Available data: Begin

lemma summands_eventually_empty_if_finite_support:
  fixes g :: "'i \<Rightarrow> 'b::archimedean_field" and Q :: "nat \<Rightarrow> 'i multiset"
  assumes "finite (\<Union>k. set_mset (Q k))" and g_pos: "\<And>i. 0 < g i"
    and bounded: "\<And>m. (\<Sum>k<m. \<Sum>i\<in>#Q k. g i) \<le> B"
  shows "\<exists>N. \<forall>n\<ge>N. Q n = {#}"
proof -
  \<comment> \<open>The extra 1 only guards against an empty support.\<close>
  define e where "e = Min (insert 1 (g ` (\<Union>k. set_mset (Q k))))"
  have "0 < e"
    using assms(1) g_pos by (simp add: e_def)
  have sum_nonneg: "0 \<le> (\<Sum>i\<in>#Y. g i)" for Y
    by (rule sum_mset_nonneg) (simp add: g_pos less_imp_le)
  have e_le: "e \<le> (\<Sum>i\<in>#Q k. g i)" if nonempty: "Q k \<noteq> {#}" for k
  proof -
    obtain j Y where Qk: "Q k = add_mset j Y"
      using multi_nonempty_split[OF nonempty] by blast
    then have "j \<in># Q k"
      by simp
    then have "e \<le> g j"
      using assms(1) unfolding e_def by (intro Min_le) auto
    also have "\<dots> \<le> (\<Sum>i\<in>#Q k. g i)"
      using sum_nonneg[of Y] by (simp add: Qk)
    finally show ?thesis .
  qed
  have "finite {k. Q k \<noteq> {#}}"
  proof (rule finite_if_card_subsets_bounded[where B = "B / e"])
    fix K
    assume "finite K" and K: "K \<subseteq> {k. Q k \<noteq> {#}}"
    then obtain m where "K \<subseteq> {..<m}"
      by (auto simp: finite_nat_set_iff_bounded)
    have "of_nat (card K) * e = (\<Sum>k\<in>K. e)"
      by simp
    also have "\<dots> \<le> (\<Sum>k\<in>K. \<Sum>i\<in>#Q k. g i)"
      using K e_le by (intro sum_mono) auto
    also have "\<dots> \<le> (\<Sum>k<m. \<Sum>i\<in>#Q k. g i)"
      using \<open>K \<subseteq> {..<m}\<close> sum_nonneg by (intro sum_mono2) auto
    also have "\<dots> \<le> B"
      by (rule bounded)
    finally show "of_nat (card K) \<le> B / e"
      using \<open>0 < e\<close> by (simp add: pos_le_divide_eq)
  qed
  then obtain N where "\<forall>n\<in>{k. Q k \<noteq> {#}}. n < N"
    by (auto simp: finite_nat_set_iff_bounded)
  then show ?thesis
    by (auto simp: not_less[symmetric])
qed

Available data: End

Task prompt: Up to the line containing "proof (rule finite_if_card_subsets_bounded[where", skip everything; from that line through the last line above, return each line exactly.

Written response:
  proof (rule finite_if_card_subsets_bounded[where B = "B / e"])
    fix K
    assume "finite K" and K: "K \<subseteq> {k. Q k \<noteq> {#}}"
    then obtain m where "K \<subseteq> {..<m}"
      by (auto simp: finite_nat_set_iff_bounded)
    have "of_nat (card K) * e = (\<Sum>k\<in>K. e)"
      by simp
    also have "\<dots> \<le> (\<Sum>k\<in>K. \<Sum>i\<in>#Q k. g i)"
      using K e_le by (intro sum_mono) auto
    also have "\<dots> \<le> (\<Sum>k<m. \<Sum>i\<in>#Q k. g i)"
      using \<open>K \<subseteq> {..<m}\<close> sum_nonneg by (intro sum_mono2) auto
    also have "\<dots> \<le> B"
      by (rule bounded)
    finally show "of_nat (card K) \<le> B / e"
      using \<open>0 < e\<close> by (simp add: pos_le_divide_eq)
  qed
  then obtain N where "\<forall>n\<in>{k. Q k \<noteq> {#}}. n < N"
    by (auto simp: finite_nat_set_iff_bounded)
  then show ?thesis
    by (auto simp: not_less[symmetric])
qed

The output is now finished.